Loss of marriage is like grief as losing a love but the sooner you get out there the easier it is.
best thing you can do for yourself is learn who you are and what you want.
Go out catch up with old freinds and foster new ones and your confidence as an independent woman will grown
Baby steps and the journey of a thousand miles begins wit the first step.
so proud of you.

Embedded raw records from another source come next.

lemma infsum_outside_le:
  assumes f: "f \<in> l2 UNIV m"
  shows "(\<Sum>\<^sub>\<infinity>y\<in>-D. m y * (f y)\<^sup>2)
    \<le> (2 * M * C * L * ball_size) * (\<Sum>\<^sub>\<infinity>x\<in>D. m x * (f x)\<^sup>2)
      + (2 * M * max_len * L * (ball_size * max_len)) * energy f"
proof (rule infsum_le_finite_sums)
  show "(\<lambda>y. m y * (f y)\<^sup>2) summable_on - D"
    using f unfolding mem_l2_UNIV by (rule summable_on_subset) simp
  fix S assume S: "finite S" "S \<subseteq> - D"
  let ?E = "\<lambda>y. \<Sum>j<length (walk y) - 1. edge_energy f (walk y ! j) (walk y ! Suc j)"
  have "(\<Sum>y\<in>S. m y * (f y)\<^sup>2)
      \<le> (\<Sum>y\<in>S. (2 * M * C * L) * (m (anchor y) * (f (anchor y))\<^sup>2) + (2 * M * max_len * L) * ?E y)"
  proof (rule sum_mono)
    fix y assume "y \<in> S"
    with S have "y \<notin> D" by auto
    from weighted_sq_le_along_path[OF this anchor_path[OF this]]
    show "m y * (f y)\<^sup>2 \<le> (2 * M * C * L) * (m (anchor y) * (f (anchor y))\<^sup>2)
      + (2 * M * max_len * L) * ?E y" .
  qed
  also have "\<dots> = (2 * M * C * L) * (\<Sum>y\<in>S. m (anchor y) * (f (anchor y))\<^sup>2)
      + (2 * M * max_len * L) * (\<Sum>y\<in>S. ?E y)"
    by (simp add: sum.distrib sum_distrib_left)
  also have "\<dots> \<le> (2 * M * C * L) * (ball_size * (\<Sum>\<^sub>\<infinity>x\<in>D. m x * (f x)\<^sup>2))
      + (2 * M * max_len * L) * ((ball_size * max_len) * energy f)"
    using M_pos C_pos L_pos
    by (intro add_mono mult_left_mono sum_anchor_le sum_walk_energy_le S f) simp_all
  finally show "(\<Sum>y\<in>S. m y * (f y)\<^sup>2)
    \<le> (2 * M * C * L * ball_size) * (\<Sum>\<^sub>\<infinity>x\<in>D. m x * (f x)\<^sup>2)
      + (2 * M * max_len * L * (ball_size * max_len)) * energy f"
    by (simp add: mult_ac)
qed

lemma observability:
  obtains c where "c > 0" and "\<And>f. f \<in> l2 UNIV m \<Longrightarrow>
    (\<Sum>\<^sub>\<infinity>x. m x * (f x)\<^sup>2) \<le> c * ((\<Sum>\<^sub>\<infinity>x\<in>D. m x * (f x)\<^sup>2) + energy f / 2)"
proof
  define c1 where "c1 = 2 * M * C * L * ball_size"
  define c2 where "c2 = 2 * M * max_len * L * (ball_size * max_len)"
  have "0 \<le> c1" "0 \<le> c2"
    unfolding c1_def c2_def using M_pos C_pos L_pos by simp_all
  then show "1 + c1 + 2 * c2 > 0"
    by simp
  fix f assume f: "f \<in> l2 UNIV m"
  let ?D = "\<Sum>\<^sub>\<infinity>x\<in>D. m x * (f x)\<^sup>2"
  have "?D \<ge> 0"
    by (intro infsum_nonneg weighted_sq_nonneg)
  have "(\<Sum>\<^sub>\<infinity>x. m x * (f x)\<^sup>2) = ?D + (\<Sum>\<^sub>\<infinity>x\<in>-D. m x * (f x)\<^sup>2)"
    using f unfolding mem_l2_UNIV
    by (subst infsum_Un_disjoint[symmetric]) (auto intro: summable_on_subset)
  also have "\<dots> \<le> ?D + c1 * ?D + c2 * energy f"
    using infsum_outside_le[OF f] by (simp add: c1_def c2_def)
  also have "\<dots> \<le> (1 + c1 + 2 * c2) * (?D + energy f / 2)"
  proof -
    have "(1 + c1 + 2 * c2) * (?D + energy f / 2)
        = ?D + c1 * ?D + c2 * energy f + (2 * c2 * ?D + (1 + c1) * energy f / 2)"
      by (simp add: field_simps)
    moreover have "0 \<le> 2 * c2 * ?D + (1 + c1) * energy f / 2"
      using \<open>0 \<le> c1\<close> \<open>0 \<le> c2\<close> \<open>?D \<ge> 0\<close> energy_nonneg[of f] by simp
    ultimately show ?thesis
      by linarith
  qed
  finally show "(\<Sum>\<^sub>\<infinity>x. m x * (f x)\<^sup>2) \<le> (1 + c1 + 2 * c2) * (?D + energy f / 2)" .
qed

section \<open>The stabilizing feedback\<close>

definition feedback :: "('x \<Rightarrow> real) \<Rightarrow> ('x \<Rightarrow> real)" where
  "feedback f = (\<lambda>x. if x \<in> D then - f x else 0)"

definition closed_loop :: "('x \<Rightarrow> real) \<Rightarrow> ('x \<Rightarrow> real)" where
  "closed_loop f = (\<lambda>x. - laplacian b m f x + ext_zero D (feedback f) x)"

lemma bounded_linear_op_feedback:
  assumes "D \<subseteq> S"
  shows "bounded_linear_op UNIV S m feedback"
  unfolding bounded_linear_op_def
proof (intro conjI ballI allI exI[of _ 1])
  fix f assume "f \<in> l2 UNIV m"
  then have summable: "(\<lambda>x. m x * (feedback f x)\<^sup>2) summable_on S"
    unfolding mem_l2_UNIV feedback_def
    by (rule summable_on_comparison_test[OF summable_on_subset[OF _ subset_UNIV]])
      (simp_all add: weighted_sq_nonneg)
  then show "feedback f \<in> l2 S m"
    using assms by (auto simp: l2_def feedback_def)
  have "(\<Sum>\<^sub>\<infinity>x\<in>S. m x * (feedback f x)\<^sup>2) \<le> (\<Sum>\<^sub>\<infinity>x. m x * (f x)\<^sup>2)"
    using \<open>f \<in> l2 UNIV m\<close> unfolding mem_l2_UNIV
    by (intro infsum_mono_neutral[OF summable]) (auto simp: feedback_def weighted_sq_nonneg)
  then show "l2norm S m (feedback f) \<le> 1 * l2norm UNIV m f"
    by (simp add: l2norm_def)
qed (auto simp: feedback_def)

lemma ext_zero_feedback: "ext_zero D (feedback f) = feedback f"
  by (auto simp: ext_zero_def feedback_def)

lemma bounded_linear_op_closed_loop: "bounded_linear_op UNIV UNIV m closed_loop"
proof -
  have "closed_loop = (\<lambda>f x. (- 1) * laplacian b m f x + feedback f x)"
    by (intro ext) (simp add: closed_loop_def ext_zero_feedback)
  then show ?thesis
    by (simp only:) (intro bounded_linear_op_lincomb bounded_linear_op_laplacian
        bounded_linear_op_feedback subset_UNIV)
qed

lemma closed_loop_dissipative:
  obtains \<delta> where "\<delta> > 0" and "\<And>f. f \<in> l2 UNIV m \<Longrightarrow>
    (\<Sum>\<^sub>\<infinity>x. m x * closed_loop f x * f x) \<le> - \<delta> * (\<Sum>\<^sub>\<infinity>x. m x * (f x)\<^sup>2)"
proof -
  obtain c where "c > 0" and c: "\<And>f. f \<in> l2 UNIV m \<Longrightarrow>
      (\<Sum>\<^sub>\<infinity>x. m x * (f x)\<^sup>2) \<le> c * ((\<Sum>\<^sub>\<infinity>x\<in>D. m x * (f x)\<^sup>2) + energy f / 2)"
    using observability by blast
  show ?thesis
  proof (rule that[of "1 / c"])
    fix f assume f: "f \<in> l2 UNIV m"
    have feedback_part: "(\<Sum>\<^sub>\<infinity>x. m x * ext_zero D (feedback f) x * f x) = - (\<Sum>\<^sub>\<infinity>x\<in>D. m x * (f x)\<^sup>2)"
      by (subst infsum_cong_neutral[where T = D and g = "\<lambda>x. - (m x * (f x)\<^sup>2)"])
        (auto simp: ext_zero_def feedback_def power2_eq_square infsum_uminus)
    have "(\<Sum>\<^sub>\<infinity>x. m x * closed_loop f x * f x)
        = (\<Sum>\<^sub>\<infinity>x. m x * ext_zero D (feedback f) x * f x) - (\<Sum>\<^sub>\<infinity>x. m x * laplacian b m f x * f x)"
    proof -
      have "ext_zero D (feedback f) \<in> l2 UNIV m" "laplacian b m f \<in> l2 UNIV m"
        using bounded_linear_op_feedback[of UNIV] f laplacian_in_l2(1)[OF f]
        by (auto simp: bounded_linear_op_def ext_zero_feedback)
      then have "(\<Sum>\<^sub>\<infinity>x. m x * ext_zero D (feedback f) x * f x - m x * laplacian b m f x * f x)
          = (\<Sum>\<^sub>\<infinity>x. m x * ext_zero D (feedback f) x * f x) - (\<Sum>\<^sub>\<infinity>x. m x * laplacian b m f x * f x)"
        by (intro infsum_diff summable_l2_mult f)
      then show ?thesis
        by (simp add: closed_loop_def algebra_simps)
    qed
    also have "\<dots> = - ((\<Sum>\<^sub>\<infinity>x\<in>D. m x * (f x)\<^sup>2) + energy f / 2)"
      by (simp add: feedback_part green_formula f)
    also have "\<dots> \<le> - (1 / c) * (\<Sum>\<^sub>\<infinity>x. m x * (f x)\<^sup>2)"
      using c[OF f] \<open>c > 0\<close> by (simp add: field_simps)
    finally show "(\<Sum>\<^sub>\<infinity>x. m x * closed_loop f x * f x) \<le> - (1 / c) * (\<Sum>\<^sub>\<infinity>x. m x * (f x)\<^sup>2)" .
  qed (use \<open>c > 0\<close> in simp)
qed

lemma closed_loop_exponentially_stable:
  obtains \<omega> where "\<omega> < 0" and "\<And>t f. t \<ge> 0 \<Longrightarrow> f \<in> l2 UNIV m \<Longrightarrow>
    l2norm UNIV m (op_exp closed_loop t f) \<le> exp (\<omega> * t) * l2norm UNIV m f"
proof -
  obtain \<delta> where "\<delta> > 0" and "\<And>f. f \<in> l2 UNIV m \<Longrightarrow>
      (\<Sum>\<^sub>\<infinity>x. m x * closed_loop f x * f x) \<le> - \<delta> * (\<Sum>\<^sub>\<infinity>x. m x * (f x)\<^sup>2)"
    using closed_loop_dissipative by blast
  with op_exp_decay[OF bounded_linear_op_closed_loop] show ?thesis
    by (intro that[of "- \<delta>"]) auto
qed

end

lemma bounded_degree_le:
  assumes "weighted_graph b m" "bounded_degree b m"
  obtains C where "C > 0" "\<And>x. (\<Sum>\<^sub>\<infinity>y. b x y) \<le> C * m x"
proof -
  obtain C where C: "\<And>x. (1 / m x) * (\<Sum>\<^sub>\<infinity>y. b x y) \<le> C"
    using assms(2) unfolding bounded_degree_def by blast
  have "(\<Sum>\<^sub>\<infinity>y. b x y) \<le> max C 1 * m x" for x
  proof -
    have "m x > 0"
      using assms(1) unfolding weighted_graph_def by blast
    with C[of x] have "(\<Sum>\<^sub>\<infinity>y. b x y) \<le> C * m x"
      by (simp add: field_simps)
    also have "\<dots> \<le> max C 1 * m x"
      using \<open>m x > 0\<close> by (intro mult_right_mono) auto
    finally show ?thesis .
  qed
  then show ?thesis
    by (intro that[of "max C 1"]) auto
qed

lemma relatively_dense_short_paths:
  assumes "connected_graph b" "relatively_dense b D"
  obtains L where "L > 0" "\<And>y. \<exists>x\<in>D. \<exists>p. graph_path b p x y \<and> path_length b p \<le> L"
proof -
  obtain R where "R > 0" and R: "(\<Union>x\<in>D. {y. dL b x y \<le> R}) = UNIV"
    using assms(2) unfolding relatively_dense_def by blast
  have "\<exists>x\<in>D. \<exists>p. graph_path b p x y \<and> path_length b p \<le> R + 1" for y
  proof -
    have "y \<in> (\<Union>x\<in>D. {y. dL b x y \<le> R})"
      using R by simp
    then obtain x where "x \<in> D" and x: "dL b x y \<le> R"
      by blast
    define lengths where "lengths = {path_length b p | p. graph_path b p x y}"
    have "lengths \<noteq> {}"
      using assms(1) unfolding connected_graph_def lengths_def by blast
    moreover have "Inf lengths < R + 1"
      using x unfolding dL_def lengths_def by simp
    ultimately obtain l where "l \<in> lengths" "l < R + 1"
      using cInf_lessD by blast
    then obtain p where "graph_path b p x y" "path_length b p \<le> R + 1"
      unfolding lengths_def by force
    with \<open>x \<in> D\<close> show ?thesis
      by blast
  qed
  then show ?thesis
    using that[of "R + 1"] \<open>R > 0\<close> by simp
qed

You go Girl


----------



## Libby smith (Dec 15, 2021)

IrishMarriedMan said:


> well fair play to you the easiest thing to do when hurt and betrayed is to wallow in misery.
> Loss of marriage is like grief as losing a love but the sooner you get out there the easier it is.
> best thing you can do for yourself is learn who you are and what you want.
> Go out catch up with old freinds and foster new ones and your confidence as an independent woman will grown
> ...


Thankyou so much for this…your words have helped me a lot today…so much.Thankyou…


----------



## IrishMarriedMan (Dec 16, 2021)

Libby smith said:


> Thankyou so much for this…your words have helped me a lot today…so much.Thankyou…


not at all Libby we all go through bad patches in life and when some one has betrays us we often loose confidence in ourselves and start to see and feel negatively about people situations and things.
but then when like you you meet a good friend and it can be as simple as coffee and chat.
just nice to see things can be nice and normal with time and the right outlook


----------



## jlg07 (Feb 24, 2017)

Libby, please make sure you get with a lawyer to make sure you get custody/child support, alimony, assets, etc. all figured out. The sooner you do that, you will have a plan so things won't seem so nebulous..


----------



## MattMatt (May 19, 2012)

jlg07 said:


> Libby, please make sure you get with a lawyer to make sure you get custody/child support, alimony, assets, etc. all figured out. The sooner you do that, you will have a plan so things won't seem so nebulous..


Go to the top five lawyers and have free initial consultations with them and choose the best one for you and your children.


----------